Saved data entries:

definition node_at :: "(nat \<Rightarrow> ('v, 'a) path) \<Rightarrow> (posvar \<Rightarrow> nat) \<Rightarrow> posvar \<Rightarrow> 'v" where
  "node_at \<mu> \<kappa> x = nodes (\<mu> (snd x)) ! \<kappa> x"

fun mwl_sat :: "('v, 'a, 'i, 'd) dgraph \<Rightarrow> (nat \<Rightarrow> ('v, 'a) path) \<Rightarrow> (posvar \<Rightarrow> nat)
                \<Rightarrow> 'a mwl \<Rightarrow> bool" where
  "mwl_sat G \<mu> \<kappa> (Edge a l m p) =
     (\<kappa> (m, p) = Suc (\<kappa> (l, p)) \<and> \<kappa> (m, p) \<le> plen (\<mu> p) \<and>
      fst (snd (\<mu> p) ! \<kappa> (l, p)) = a)"
| "mwl_sat G \<mu> \<kappa> (Lt x y) = (\<kappa> x < \<kappa> y)"
| "mwl_sat G \<mu> \<kappa> (EqId x y) = (node_at \<mu> \<kappa> x = node_at \<mu> \<kappa> y)"
| "mwl_sat G \<mu> \<kappa> (EqData x y) = (dataof G (node_at \<mu> \<kappa> x) = dataof G (node_at \<mu> \<kappa> y))"
| "mwl_sat G \<mu> \<kappa> (MNot f) = (\<not> mwl_sat G \<mu> \<kappa> f)"
| "mwl_sat G \<mu> \<kappa> (MOr f g) = (mwl_sat G \<mu> \<kappa> f \<or> mwl_sat G \<mu> \<kappa> g)"
| "mwl_sat G \<mu> \<kappa> (ExPos x f) = (\<exists>k \<le> plen (\<mu> (snd x)). mwl_sat G \<mu> (\<kappa>(x := k)) f)"
| "mwl_sat G \<mu> \<kappa> (ExPath p f) = (\<exists>r. is_path G r \<and> mwl_sat G (\<mu>(p := r)) \<kappa> f)"

text \<open>Path variable pi of the MWL formula is FO path variable 2*pi; position variable
  (l, pi) is FO path variable 2*prod_encode(l,pi)+1, interpreted as the prefix of pi
  of length equal to the position.\<close>
definition repr_val :: "(nat \<Rightarrow> ('v, 'a) path) \<Rightarrow> (posvar \<Rightarrow> nat) \<Rightarrow> nat \<Rightarrow> ('v, 'a) path" where
  "repr_val \<mu> \<kappa> n =
     (if even n then \<mu> (n div 2)
      else (let x = prod_decode (n div 2) in path_prefix (\<mu> (snd x)) (\<kappa> x)))"

end

theory Submission
  imports Defs
begin

text \<open>Path variables are kept, and a position \<open>\<ell>\<close> of sort \<open>\<pi>\<close> is represented by the prefix of
  \<open>\<pi>\<close> ending at \<open>\<ell>\<close>. The MWL atoms then become definable: \<open>\<ell> < m\<close> says that the prefix
  for \<open>\<ell>\<close> is the shorter one, and \<open>E\<^sub>a(\<ell>, m)\<close> that the prefix for \<open>m\<close> extends the one for
  \<open>\<ell>\<close> by a single \<open>a\<close>-step, both checked by RDPAs reading the convolution; id-equality of
  positions is equality of the end nodes of the prefixes, and data-equality is checked by an
  RDPA on the single-node paths at those end nodes. A position quantifier becomes a path
  quantifier restricted to the paths that an RDPA accepts together with \<open>\<pi>\<close> by comparing
  them letter by letter; since ids are injective, these are exactly the prefixes of \<open>\<pi>\<close>.\<close>

lemma length_nodes [simp]: "length (nodes p) = Suc (plen p)"
  by (simp add: nodes_def plen_def)

lemma nth_nodes_0 [simp]: "nodes p ! 0 = fst p"
  by (simp add: nodes_def)

lemma nth_nodes_Suc: "i < plen p \<Longrightarrow> nodes p ! Suc i = snd (snd p ! i)"
  by (simp add: nodes_def plen_def)

lemma last_nodes: "last (nodes p) = nodes p ! plen p"
  using last_conv_nth[of "nodes p"] by (simp add: nodes_def plen_def)

lemma fst_path_prefix [simp]: "fst (path_prefix p k) = fst p"
  by (simp add: path_prefix_def)

lemma plen_path_prefix [simp]: "k \<le> plen p \<Longrightarrow> plen (path_prefix p k) = k"
  by (simp add: path_prefix_def plen_def)

lemma nodes_path_prefix: "nodes (path_prefix p k) = take (Suc k) (nodes p)"
  by (simp add: path_prefix_def nodes_def take_map)

lemma last_nodes_path_prefix: "k \<le> plen p \<Longrightarrow> last (nodes (path_prefix p k)) = nodes p ! k"
  by (simp add: nodes_path_prefix take_Suc_conv_app_nth)

lemma nth_nodes_path_prefix: "j \<le> k \<Longrightarrow> nodes (path_prefix p k) ! j = nodes p ! j"
  by (simp add: nodes_path_prefix)

lemma nth_snd_path_prefix: "i < k \<Longrightarrow> snd (path_prefix p k) ! i = snd p ! i"
  by (simp add: path_prefix_def)

lemma is_path_path_prefix:
  assumes "is_path G p"
  shows "is_path G (path_prefix p k)"
  unfolding is_path_def
proof (intro conjI allI impI)
  show "fst (path_prefix p k) \<in> V G"
    using assms by (simp add: is_path_def)
  fix i assume "i < plen (path_prefix p k)"
  then have "i < k" "i < plen p"
    by (auto simp: path_prefix_def plen_def)
  then show "(nodes (path_prefix p k) ! i, fst (snd (path_prefix p k) ! i),
      nodes (path_prefix p k) ! Suc i) \<in> E G"
    using assms by (simp add: is_path_def nth_nodes_path_prefix nth_snd_path_prefix)
qed

lemma is_path_single: "v \<in> V G \<Longrightarrow> is_path G (v, [])"
  by (simp add: is_path_def plen_def)

lemma fst_in_V: "is_path G p \<Longrightarrow> fst p \<in> V G"
  by (simp add: is_path_def)

lemma nth_nodes_in_V:
  assumes "wf_dgraph G" "is_path G p" "i \<le> plen p"
  shows "nodes p ! i \<in> V G"
proof (cases i)
  case (Suc j)
  then have "(nodes p ! j, fst (snd p ! j), nodes p ! i) \<in> E G"
    using assms(2,3) by (simp add: is_path_def)
  then show ?thesis
    using assms(1) by (auto simp: wf_dgraph_def)
qed (use assms(2) in \<open>simp add: is_path_def\<close>)

lemma last_nodes_in_V: "wf_dgraph G \<Longrightarrow> is_path G p \<Longrightarrow> last (nodes p) \<in> V G"
  by (simp add: last_nodes nth_nodes_in_V)

lemma snd_set_in_V:
  assumes "wf_dgraph G" "is_path G p"
  shows "snd ` set (snd p) \<subseteq> V G"
proof
  fix v assume "v \<in> snd ` set (snd p)"
  then obtain i where "i < plen p" "v = snd (snd p ! i)"
    by (auto simp: in_set_conv_nth plen_def)
  then show "v \<in> V G"
    using nth_nodes_in_V[OF assms, of "Suc i"] by (simp add: nth_nodes_Suc)
qed

lemma dplen_datapath [simp]: "dplen (datapath G p) = plen p"
  by (simp add: datapath_def dplen_def plen_def)

lemma label_datapath: "i < plen p \<Longrightarrow> fst (snd (datapath G p) ! i) = fst (snd p ! i)"
  by (simp add: datapath_def plen_def split: prod.splits)

lemma datapath_path_prefix:
  "datapath G (path_prefix p k) = (fst (datapath G p), take k (snd (datapath G p)))"
  by (simp add: datapath_def path_prefix_def take_map)

lemma inj_on_datapath:
  assumes "wf_dgraph G"
  shows "inj_on (datapath G) {p. is_path G p}"
proof
  fix p r assume p: "p \<in> {p. is_path G p}" and r: "r \<in> {p. is_path G p}"
    and eq: "datapath G p = datapath G r"
  have inj: "inj_on (idf G) (V G)"
    using assms by (simp add: wf_dgraph_def)
  from eq have "idf G (fst p) = idf G (fst r)"
    by (simp add: datapath_def)
  then have "fst p = fst r"
    using inj_onD[OF inj _ fst_in_V fst_in_V] p r by auto
  let ?f = "\<lambda>(a, v). (a, (idf G v, dataof G v))"
  have "snd ` (set (snd p) \<union> set (snd r)) \<subseteq> V G"
    using p r snd_set_in_V[OF assms, of p] snd_set_in_V[OF assms, of r] by (simp add: image_Un)
  then have "inj_on ?f (set (snd p) \<union> set (snd r))"
  proof (intro inj_onI)
    fix x y assume "x \<in> set (snd p) \<union> set (snd r)" "y \<in> set (snd p) \<union> set (snd r)"
      and "?f x = ?f y"
    with \<open>snd ` _ \<subseteq> V G\<close> have "snd x \<in> V G" "snd y \<in> V G"
      "idf G (snd x) = idf G (snd y)" "fst x = fst y"
      by (auto split: prod.splits)
    then show "x = y"
      using inj_onD[OF inj] by (simp add: prod_eq_iff)
  qed
  moreover from eq have "map ?f (snd p) = map ?f (snd r)"
    by (simp add: datapath_def)
  ultimately have "snd p = snd r"
    by (simp add: inj_on_map_eq_map)
  with \<open>fst p = fst r\<close> show "p = r"
    by (simp add: prod_eq_iff)
qed

definition conv_suffix ::
    "('a, 'i, 'd) dpath list \<Rightarrow> nat \<Rightarrow> nat \<Rightarrow> ('a wletter \<times> ('i, 'd) dletter) list" where
  "conv_suffix us j m = map (\<lambda>i. (wletter_at us i, dletter_at us i)) [Suc j..<Suc m]"

lemma conv_suffix_self [simp]: "conv_suffix us m m = []"
  by (simp add: conv_suffix_def)

lemma conv_suffix_Cons:
  "j < m \<Longrightarrow>
    conv_suffix us j m = (wletter_at us (Suc j), dletter_at us (Suc j)) # conv_suffix us (Suc j) m"
  by (simp add: conv_suffix_def upt_conv_Cons del: upt_Suc)

lemma accepts_conv_suffix:
  "accepts A us \<longleftrightarrow>
    acc A (init A) (\<lambda>_. None, \<lambda>_. None) (dletter_at us 0) (conv_suffix us 0 (maxlen us))"
  by (simp add: accepts_def conv_suffix_def)

lemma maxlen_pair [simp]: "maxlen [du, dw] = max (dplen du) (dplen dw)"
  by (simp add: maxlen_def)

lemma length_wletter_at [simp]: "length (wletter_at us i) = length us"
  by (simp add: wletter_at_def)

definition no_update :: "('i, 'd) upd" where
  "no_update = (\<lambda>_. None, \<lambda>_. None)"

lemma apply_upd_no_update [simp]: "apply_upd no_update R d = R"
  by (simp add: apply_upd_def no_update_def)

lemma upd_ok_no_update: "upd_ok A no_update"
  by (simp add: upd_ok_def no_update_def)

lemma finite_pair_wletters: "finite {w :: 'a::finite wletter. length w = 2}"
  using finite_lists_length_eq[of "UNIV :: 'a option set" 2] by simp

definition shorter_rdpa :: "('a, 'i, 'd) rdpa" where
  "shorter_rdpa = \<lparr>arity = 2, states = {0, 1, 2}, wstates = {1, 2}, init = 0, final = {2},
     nidr = 0, ndr = 0,
     wtrans = (\<lambda>w. (1, w, 0)) ` {w. length w = 2},
     dtrans = {(0, [], no_update, 1), (0, [IEq (Inp 0) (Cst None)], no_update, 2)}\<rparr>"

lemma shorter_rdpa_simps [simp]:
  "arity shorter_rdpa = 2" "init shorter_rdpa = 0" "final shorter_rdpa = {2}"
  "dtrans shorter_rdpa = {(0, [], no_update, 1), (0, [IEq (Inp 0) (Cst None)], no_update, 2)}"
  "(p, w, q) \<in> wtrans shorter_rdpa \<longleftrightarrow> p = 1 \<and> q = 0 \<and> length w = 2"
  by (auto simp: shorter_rdpa_def)

lemma wf_shorter_rdpa: "wf_rdpa (shorter_rdpa :: ('a::finite, 'i, 'd) rdpa)"
  by (auto simp: wf_rdpa_def shorter_rdpa_def finite_pair_wletters upd_ok_no_update)

lemma acc_shorter_rdpa:
  assumes "length us = 2" "j \<le> m"
  shows "acc shorter_rdpa 0 R (dletter_at us j) (conv_suffix us j m) \<longleftrightarrow> fst (dletter_at us m ! 0) = None"
  using assms(2)
proof (induction j rule: inc_induct)
  case base
  then show ?case by (simp add: guard_sat_def inp_id_def)
next
  case (step j)
  then show ?case
    using assms(1) by (simp add: conv_suffix_Cons guard_sat_def inp_id_def)
qed

lemma accepts_shorter_rdpa: "accepts shorter_rdpa [du, dw] \<longleftrightarrow> dplen du < dplen dw"
proof -
  have "accepts shorter_rdpa [du, dw] \<longleftrightarrow>
      fst (dletter_at [du, dw] (max (dplen du) (dplen dw)) ! 0) = None"
    by (simp add: accepts_conv_suffix acc_shorter_rdpa)
  then show ?thesis
    by (auto simp: dletter_at_def)
qed

text \<open>Loops through states 0 and 1 up to the last position of the first path, then reads one
  more \<open>a\<close>-step of the second path alone, which has to end there.\<close>
definition edge_rdpa :: "'a \<Rightarrow> ('a, 'i, 'd) rdpa" where
  "edge_rdpa a = \<lparr>arity = 2, states = {0, 1, 2, 3, 4}, wstates = {1, 3, 4}, init = 0, final = {4},
     nidr = 0, ndr = 0,
     wtrans = (\<lambda>w. (1, w, 0)) ` {w. length w = 2} \<union> {(3, [None, Some a], 2)},
     dtrans = {(0, [], no_update, 1), (0, [INe (Inp 0) (Cst None)], no_update, 3),
               (2, [IEq (Inp 0) (Cst None)], no_update, 4)}\<rparr>"

lemma edge_rdpa_simps [simp]:
  "arity (edge_rdpa a) = 2" "init (edge_rdpa a) = 0" "final (edge_rdpa a) = {4}"
  "dtrans (edge_rdpa a) = {(0, [], no_update, 1), (0, [INe (Inp 0) (Cst None)], no_update, 3),
     (2, [IEq (Inp 0) (Cst None)], no_update, 4)}"
  "(p, w, q) \<in> wtrans (edge_rdpa a) \<longleftrightarrow>
     p = 1 \<and> q = 0 \<and> length w = 2 \<or> p = 3 \<and> q = 2 \<and> w = [None, Some a]"
  by (auto simp: edge_rdpa_def)

lemma wf_edge_rdpa: "wf_rdpa (edge_rdpa a :: ('a::finite, 'i, 'd) rdpa)"
  by (auto simp: wf_rdpa_def edge_rdpa_def finite_pair_wletters upd_ok_no_update)

lemma acc_edge_rdpa:
  assumes "m = max (dplen du) (dplen dw)" "j \<le> m"
  shows "acc (edge_rdpa a) 0 R (dletter_at [du, dw] j) (conv_suffix [du, dw] j m) \<longleftrightarrow>
    j \<le> dplen du \<and> dplen dw = Suc (dplen du) \<and> fst (snd dw ! dplen du) = a"
  using assms(2)
proof (induction j rule: inc_induct)
  case base
  then show ?case using assms(1) by (auto simp: guard_sat_def inp_id_def dletter_at_def)
next
  case (step j)
  let ?acc = "\<lambda>q i. acc (edge_rdpa a) q R (dletter_at [du, dw] i) (conv_suffix [du, dw] i m)"
  have unfold: "?acc 0 j \<longleftrightarrow> ?acc 0 (Suc j) \<or>
      fst (dletter_at [du, dw] j ! 0) \<noteq> None \<and> wletter_at [du, dw] (Suc j) = [None, Some a] \<and>
      ?acc 2 (Suc j)"
    using step(2) by (simp add: conv_suffix_Cons guard_sat_def inp_id_def conj_disj_distribR
        ex_disj_distrib del: split_paired_Ex)
  have first_present: "fst (dletter_at [du, dw] j ! 0) \<noteq> None \<longleftrightarrow> j \<le> dplen du"
    by (simp add: dletter_at_def)
  have last_edge: "wletter_at [du, dw] (Suc j) = [None, Some a] \<longleftrightarrow>
      dplen du \<le> j \<and> Suc j \<le> dplen dw \<and> fst (snd dw ! j) = a"
    by (auto simp: wletter_at_def)
  have acc_state2: "?acc 2 (Suc j) \<longleftrightarrow> Suc j = m \<and> dplen du < Suc j"
    using step(2) by (cases "Suc j = m")
      (auto simp: conv_suffix_Cons guard_sat_def inp_id_def dletter_at_def)
  show ?case
  proof (cases "dplen du = j")
    case True
    then show ?thesis
      using assms(1) step(2) unfolding unfold first_present last_edge acc_state2 step(3)
      by (auto simp: max_def)
  next
    case False
    then show ?thesis
      unfolding unfold first_present last_edge acc_state2 step(3) by auto
  qed
qed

▸ About this exercise
From the first line of the entries above to the line with "G \<mu> \<kappa> (Edge", please return every line exactly, keeping both ends.

▸ Your response
definition node_at :: "(nat \<Rightarrow> ('v, 'a) path) \<Rightarrow> (posvar \<Rightarrow> nat) \<Rightarrow> posvar \<Rightarrow> 'v" where
  "node_at \<mu> \<kappa> x = nodes (\<mu> (snd x)) ! \<kappa> x"

fun mwl_sat :: "('v, 'a, 'i, 'd) dgraph \<Rightarrow> (nat \<Rightarrow> ('v, 'a) path) \<Rightarrow> (posvar \<Rightarrow> nat)
                \<Rightarrow> 'a mwl \<Rightarrow> bool" where
  "mwl_sat G \<mu> \<kappa> (Edge a l m p) =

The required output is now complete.